Magnus Unemo, National Reference Laboratory for Pathogenic Neisseria, Örebro University Hospital, SE-70185 Örebro, Sweden. E-mail: magnus.unemo@orebroll.se
Mycoplasma genitalium is a relatively newly discovered microorganism, which was first isolated in 1980 from two of 13 men with non-gonococcal urethritis (1). M. genitalium is a very fastidious bacterium, and cultivation of this organism is exceedingly difficult and time-consuming; therefore data regarding its clinical relevance have become available only after introduction of PCR assays (2, 3). With the use of PCR tests, it has been shown that M. genitalium is a sexually transmitted pathogen and that the spectrum of diseases in both males and females is similar to that caused by Chlamydia trachomatis and Neisseria gonorrhoeae (4).

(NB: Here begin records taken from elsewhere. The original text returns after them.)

definition connected_graph :: "'a set \<Rightarrow> ('a \<times> 'a) set \<Rightarrow> bool" where
  "connected_graph V E \<longleftrightarrow> (\<forall>u\<in>V. \<forall>v\<in>V. (u, v) \<in> E\<^sup>*)"

definition has_cycle :: "'a set \<Rightarrow> ('a \<times> 'a) set \<Rightarrow> bool" where
  "has_cycle V E \<longleftrightarrow> (\<exists>xs. 3 \<le> length xs \<and> distinct xs \<and> set xs \<subseteq> V \<and>
      (\<forall>i < length xs. (xs ! i, xs ! ((i + 1) mod length xs)) \<in> E))"

definition is_tree :: "'a set \<Rightarrow> ('a \<times> 'a) set \<Rightarrow> bool" where
  "is_tree V E \<longleftrightarrow> simple_graph V E \<and> V \<noteq> {} \<and> connected_graph V E \<and> \<not> has_cycle V E"

definition iso_to_path :: "'a set \<Rightarrow> ('a \<times> 'a) set \<Rightarrow> bool" where
  "iso_to_path V E \<longleftrightarrow> (\<exists>f. bij_betw f V {0..<card V} \<and>
      (\<forall>u\<in>V. \<forall>v\<in>V. (u, v) \<in> E \<longleftrightarrow> (f u = f v + 1 \<or> f v = f u + 1)))"

text \<open>The k-token graph, as a symmetric pair digraph.\<close>
definition token_graph :: "'a set \<Rightarrow> ('a \<times> 'a) set \<Rightarrow> nat \<Rightarrow> 'a set pair_pre_digraph" where
  "token_graph V E k = \<lparr> pverts = {A. A \<subseteq> V \<and> card A = k},
     parcs = {(A, B). A \<subseteq> V \<and> card A = k \<and> B \<subseteq> V \<and> card B = k \<and>
        (\<exists>a b. (A - B) \<union> (B - A) = {a, b} \<and> (a, b) \<in> E)} \<rparr>"

end

theory Submission
  imports Defs "HOL-Library.Product_Lexorder"
begin

text \<open>
  Let P be a longest path of the tree T. As T is not a path, some vertex x off P is adjacent
  to an inner vertex of P. Suppose T contains none of five small trees: the star K_{1,5}, the
  spiders with legs of lengths 1, 1, 1, 2 and 1, 1, 4, and the two trees consisting of two vertices
  of degree 3 at distance 1 or 2 together with two further neighbours of each. If P has 3 vertices,
  T is a star with at most 5 vertices. Otherwise P has at most 7 vertices, x is the only vertex off
  P adjacent to P, and the maximality of P leaves room for at most two more vertices, hanging
  below x; so T has at most 10 vertices.

  Each of the five trees S, with m \<le> 7 vertices, has an explicit subdivision of K_5 or K_{3,3} in
  its 2-token graph. It is carried into F_k(T) by adding k - 2 fixed tokens outside S or, when
  there is no room for them, by first passing to the isomorphic F_{m-2}(S) (complementing the
  token sets) and then adding k - m + 2 fixed tokens.
\<close>

section \<open>Kuratowski subgraphs of pair digraphs\<close>

definition kuratowski_subgraph :: "'a pair_pre_digraph \<Rightarrow> bool" where
  "kuratowski_subgraph G \<longleftrightarrow> (\<exists>K H. (K\<^bsub>3,3\<^esub> (with_proj K) \<or> K\<^bsub>5\<^esub> (with_proj K)) \<and> subdivision_pair K H
      \<and> pverts H \<subseteq> pverts G \<and> parcs H \<subseteq> parcs G)"

lemma not_kuratowski_planar_if_kuratowski_subgraph:
  assumes "pair_wf_digraph G" and "kuratowski_subgraph G"
  shows "\<not> kuratowski_planar (with_proj G)"
proof -
  interpret G: pair_wf_digraph G by fact
  obtain K H where K: "K\<^bsub>3,3\<^esub> (with_proj K) \<or> K\<^bsub>5\<^esub> (with_proj K)" and sub: "subdivision_pair K H"
    and H: "pverts H \<subseteq> pverts G" "parcs H \<subseteq> parcs G"
    using assms(2) unfolding kuratowski_subgraph_def by blast
  interpret H: pair_bidirected_digraph H using sub by (rule bidirected_digraphI_subdivision)
  have "subgraph (with_proj H) (with_proj G)"
    by (rule subgraphI) (use H in \<open>auto simp: compatible_def intro: H.wf_digraph G.wf_digraph\<close>)
  then show ?thesis using K sub unfolding kuratowski_planar_def by blast
qed

definition pair_image :: "('a \<Rightarrow> 'b) \<Rightarrow> 'a pair_pre_digraph \<Rightarrow> 'b pair_pre_digraph" where
  "pair_image f G = \<lparr>pverts = f ` pverts G, parcs = map_prod f f ` parcs G\<rparr>"

lemma pair_bidirected_digraph_pair_image:
  assumes "pair_bidirected_digraph G" and "inj_on f (pverts G)"
  shows "pair_bidirected_digraph (pair_image f G)"
proof -
  interpret G: pair_bidirected_digraph G by fact
  show ?thesis
  proof
    fix e assume "e \<in> parcs (pair_image f G)"
    then obtain a b where "(a, b) \<in> parcs G" "e = (f a, f b)" by (auto simp: pair_image_def)
    moreover from this(1) have "a \<in> pverts G" "b \<in> pverts G" "a \<noteq> b"
      using G.in_arcsD1 G.in_arcsD2 G.pair_no_loops by fastforce+
    ultimately show "fst e \<in> pverts (pair_image f G)" "snd e \<in> pverts (pair_image f G)" "fst e \<noteq> snd e"
      using assms(2) by (auto simp: pair_image_def dest: inj_onD)
  next
    show "symmetric (pair_image f G)"
      using G.pair_sym_arcs unfolding symmetric_def sym_def by (auto simp: pair_image_def)
  qed
qed
(* Consider the oLBFGS iteration described in the context and let $\hat B_t$ denote its Hessian approximation. Define $c:=\frac{\tilde m^{\,n+\tau}}{[(n+\tau)\tilde M]^{\,n+\tau-1}}>0$ and $C:=(n+\tau)\tilde M<\infty$. If Assumption A holds, then for all time steps $t\ge1$, $cI\preceq\hat B_t\preceq CI$.
   Context: Let $\theta$ be a random variable with values in a set $\Theta$, $f:\mathbb{R}^n\times\Theta\to\mathbb{R}$, and $F(w)=\mathbb{E}_\theta[f(w,\theta)]$. Fix a sample size $L\ge1$ and memory $\tau\ge1$. For $\tilde\theta=(\theta_1,\dots,\theta_L)\in\Theta^L$ put $\hat f(w,\tilde\theta)=\frac1L\sum_{l=1}^L f(w,\theta_l)$ and $\hat s(w,\tilde\theta)=\frac1L\sum_{l=1}^L\nabla_w f(w,\theta_l)$. oLBFGS: starting from $w_0\in\mathbb{R}^n$, at each $t\ge0$ draw $\tilde\theta_t$ consisting of $L$ independent samples of $\theta$, set $w_{t+1}=w_t-\epsilon_t\hat B_t^{-1}\hat s(w_t,\tilde\theta_t)$ with step sizes $\epsilon_t>0$, and set $v_t=w_{t+1}-w_t$, $\hat r_t=\hat s(w_{t+1},\tilde\theta_t)-\hat s(w_t,\tilde\theta_t)$. The Hessian approximation $\hat B_t$ is built as follows: let $\tau_t=\min(\tau,t)$; set $\hat B_{t,0}=\hat\gamma_t^{-1}I$ with $\hat\gamma_0=1$ and $\hat\gamma_t=v_{t-1}^T\hat r_{t-1}/\|\hat r_{t-1}\|^2$ for $t\ge1$; for $u=0,\dots,\tau_t-1$, with $s=t-\tau_t+u$, set $\hat B_{t,u+1}=\hat B_{t,u}-\frac{\hat B_{t,u}v_sv_s^T\hat B_{t,u}}{v_s^T\hat B_{t,u}v_s}+\frac{\hat r_s\hat r_s^T}{v_s^T\hat r_s}$; finally $\hat B_t=\hat B_{t,\tau_t}$, and $\hat B_t^{-1}$ is its inverse. Assumption A: for every $\tilde\theta\in\Theta^L$ the function $w\mapsto\hat f(w,\tilde\theta)$ is twice differentiable and there are constants $0<\tilde m\le\tilde M<\infty$ with $\tilde mI\preceq\nabla_w^2\hat f(w,\tilde\theta)\preceq\tilde MI$ for all $w$ and all $\tilde\theta$. *)

theory Defs
  imports "HOL-Analysis.Analysis"
begin

definition grad :: "(real^'n \<Rightarrow> real) \<Rightarrow> real^'n \<Rightarrow> real^'n" where
  "grad F w = (SOME g. (F has_derivative (\<lambda>h. g \<bullet> h)) (at w))"

definition hess :: "(real^'n \<Rightarrow> real) \<Rightarrow> real^'n \<Rightarrow> real^'n^'n" where
  "hess F w = (SOME H. (grad F has_derivative (\<lambda>h. H *v h)) (at w))"
text \<open>Minimal heavy words of length \<open>j\<close>: heavy, with a parent that is not heavy.\<close>
definition stopping :: "real \<Rightarrow> nat \<Rightarrow> real \<Rightarrow> nat \<Rightarrow> int list set" where
  "stopping \<theta> N K j = {b\<in>digits j. heavy \<theta> N K b \<and> \<not> heavy \<theta> N K (take (j - 1) b)}"

lemma finite_stopping [simp]: "finite (stopping \<theta> N K j)"
  unfolding stopping_def by simp

lemma stopping_ball_exceptional:
  assumes "b \<in> stopping \<theta> N K j" "\<bar>pcentre \<theta> b - t\<bar> < 3 * (1/3) ^ j"
  shows "t \<in> exceptional \<theta> N K"
  using assms digits_length by (force simp: stopping_def heavy_def dist_real_def)

text \<open>Near the centre of a word that is not heavy there is a non-exceptional point, so the
  multiplicity on its interval is at most \<open>9 K\<close>.\<close>
lemma light_fmult_bound:
  assumes a: "a \<in> digits N" and light: "\<not> heavy \<theta> N K a" and K: "K \<ge> 1"
    and s: "\<bar>pcentre \<theta> a - s\<bar> < (1/3) ^ N"
  shows "real (fmult N \<theta> s) \<le> 9 * K"
proof -
  have "\<not> ball (pcentre \<theta> a) (3 * (1/3) ^ N) \<subseteq> exceptional \<theta> N K"
    using light digits_length[OF a] unfolding heavy_def by simp
  then obtain u where "u \<in> ball (pcentre \<theta> a) (3 * (1/3) ^ N)" and u: "u \<notin> exceptional \<theta> N K"
    by blast
  then have "\<bar>pcentre \<theta> a - u\<bar> < 3 * (1/3) ^ N"
    by (simp add: dist_real_def)
  then have "{b\<in>digits N. \<bar>pcentre \<theta> b - s\<bar> < (1/3) ^ N} \<subseteq> {b\<in>digits N. \<bar>pcentre \<theta> b - u\<bar> < 5 * (1/3) ^ N}"
    using s by auto
  then have "real (fmult N \<theta> s) \<le> real (card {b\<in>digits N. \<bar>pcentre \<theta> b - u\<bar> < 5 * (1/3) ^ N})"
    unfolding fmult_eq by (intro of_nat_mono card_mono) simp_all
  also have "\<dots> \<le> 3 ^ 2 * K"
    by (rule card_near_unexceptional[OF u order_refl K]) simp
  finally show ?thesis
    by simp
qed

lemma light_local_energy:
  assumes a: "a \<in> digits N" and light: "\<not> heavy \<theta> N K a" and K: "K \<ge> 1"
  shows "local_energy \<theta> a \<le> ennreal (18 * K * (1/3) ^ N)"
proof -
  have "local_energy \<theta> a
      \<le> (\<integral>\<^sup>+ s. ennreal (9 * K) * indicator (ball (pcentre \<theta> a) ((1/3) ^ N)) s \<partial>lborel)"
    unfolding local_energy_def digits_length[OF a]
  proof (intro nn_integral_mono)
    fix s
    show "indicator (ball (pcentre \<theta> a) ((1/3) ^ N)) s * (of_nat (fmult N \<theta> s) :: ennreal)
        \<le> ennreal (9 * K) * indicator (ball (pcentre \<theta> a) ((1/3) ^ N)) s"
      using light_fmult_bound[OF a light K, of s]
      by (auto simp: indicator_def dist_real_def ennreal_of_nat_eq_real_of_nat intro: ennreal_leI)
  qed
  also have "\<dots> = ennreal (9 * K) * ennreal (2 * (1/3) ^ N)"
    by (simp add: nn_integral_cmult_indicator emeasure_ball_real)
  also have "\<dots> = ennreal (18 * K * (1/3) ^ N)"
    using K by (simp flip: ennreal_mult)
  finally show ?thesis .
qed

section \<open>Minimal heavy words\<close>

lemma sum_stopping_prefix:
  assumes "j \<le> N"
  shows "(\<Sum>a\<in>digits N. if take j a \<in> stopping \<theta> N K j then X a else 0)
    = (\<Sum>b\<in>stopping \<theta> N K j. \<Sum>c\<in>digits (N - j). X (b @ c))"
proof -
  have "(\<Sum>a\<in>digits N. if take j a \<in> stopping \<theta> N K j then X a else 0)
      = (\<Sum>b\<in>digits j. if b \<in> stopping \<theta> N K j then (\<Sum>c\<in>digits (N - j). X (b @ c)) else 0)"
    unfolding sum_digits_split[OF assms] by (intro sum.cong) (auto simp: digits_length)
  also have "\<dots> = (\<Sum>b\<in>stopping \<theta> N K j. \<Sum>c\<in>digits (N - j). X (b @ c))"
    by (simp add: sum.inter_filter[symmetric] stopping_def)
  finally show ?thesis .
qed

lemma stopping_total_length:
  "(\<Sum>j\<in>{1..N}. \<Sum>b\<in>stopping \<theta> N K j. ennreal (2 * (1/3) ^ j))
    = (\<integral>\<^sup>+ t. of_nat (\<Sum>j\<in>{1..N}. card {b\<in>stopping \<theta> N K j. \<bar>pcentre \<theta> b - t\<bar> < (1/3) ^ j}) \<partial>lborel)"
proof -
  let ?I = "\<lambda>j b. indicator (ball (pcentre \<theta> b) ((1/3) ^ j)) :: real \<Rightarrow> ennreal"
  have "(\<Sum>j\<in>{1..N}. \<Sum>b\<in>stopping \<theta> N K j. ennreal (2 * (1/3) ^ j))
      = (\<Sum>j\<in>{1..N}. \<Sum>b\<in>stopping \<theta> N K j. \<integral>\<^sup>+ t. ?I j b t \<partial>lborel)"
    by (simp add: emeasure_ball_real)
  also have "\<dots> = (\<Sum>j\<in>{1..N}. \<integral>\<^sup>+ t. (\<Sum>b\<in>stopping \<theta> N K j. ?I j b t) \<partial>lborel)"
    by (intro sum.cong refl nn_integral_sum[symmetric]) simp_all
  also have "\<dots> = (\<integral>\<^sup>+ t. (\<Sum>j\<in>{1..N}. \<Sum>b\<in>stopping \<theta> N K j. ?I j b t) \<partial>lborel)"
    by (intro nn_integral_sum[symmetric]) simp_all
  also have "\<dots> = (\<integral>\<^sup>+ t. of_nat (\<Sum>j\<in>{1..N}.
      card {b\<in>stopping \<theta> N K j. \<bar>pcentre \<theta> b - t\<bar> < (1/3) ^ j}) \<partial>lborel)"
    by (simp add: of_nat_sum card_near_sum_indicator)
  finally show ?thesis .
qed

context
  fixes \<theta> K :: real and N :: nat
  assumes K_ge_1: "K \<ge> 1"
    and small_exceptional: "emeasure lborel (exceptional \<theta> N K) \<le> ennreal (1 / K ^ 3)"
begin

text \<open>The exceptional set is too small to contain an interval of length 6.\<close>
lemma root_not_heavy: "\<not> heavy \<theta> N K []"
proof
  assume "heavy \<theta> N K []"
  then have "emeasure lborel (ball (0::real) 3) \<le> emeasure lborel (exceptional \<theta> N K)"
    by (intro emeasure_mono) (simp_all add: heavy_def exceptional_measurable)
  also have "\<dots> \<le> ennreal (1 / K ^ 3)"
    by (rule small_exceptional)
  also have "\<dots> \<le> ennreal 1"
    using K_ge_1 by (intro ennreal_leI) (simp add: one_le_power)
  finally show False
    by (simp add: emeasure_ball_real)
qed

In Eastern Europe, the true incidence and prevalence of most sexually transmitted infections (STIs), including M. genitalium infection, remain unknown. This situation results primarily from suboptimal diagnostics, case reporting and surveillance systems (5–11). The present guidelines are the most recent in a series of guidelines (12–15) developed by the Eastern European Sexual and Reproductive Health (EE SRH) Network (11, 16, 17) aimed at establishing quality laboratory testing for STIs in East European countries. It is envisaged that different countries may need to make minor national adjustments to the guidelines presented here in order to meet local laws, health strategies and the availability of kits and reagents.
CLINICAL PRESENTATION OF M. GENITALIUM INFECTIONS
Considerable evidence has accumulated in recent years to suggest that M. genitalium has an aetiological role in urethritis in males (4). An association and/or suggestive evidence have been demonstrated, but a causal role of M. genitalium has not been proven for:
- cervicitis in females (18–21),
- pelvic inflammatory disease (22),
- prostatitis (23),
- epididymitis (24),
- tubal factor infertility (25, 26),
- sexually acquired reactive arthritis (27, 28).
Lack of a clear association with M. genitalium has been reported for:
- bacterial vaginosis (3, 19, 29),
- adverse pregnancy outcomes (30, 31).
LABORATORY DIAGNOSIS OF M. GENITALIUM INFECTIONS
Although culture techniques have improved in recent years, it takes several weeks or even months for each isolate to grow (32, 34), which makes culture impossible to use for diagnostics in routine clinical practice.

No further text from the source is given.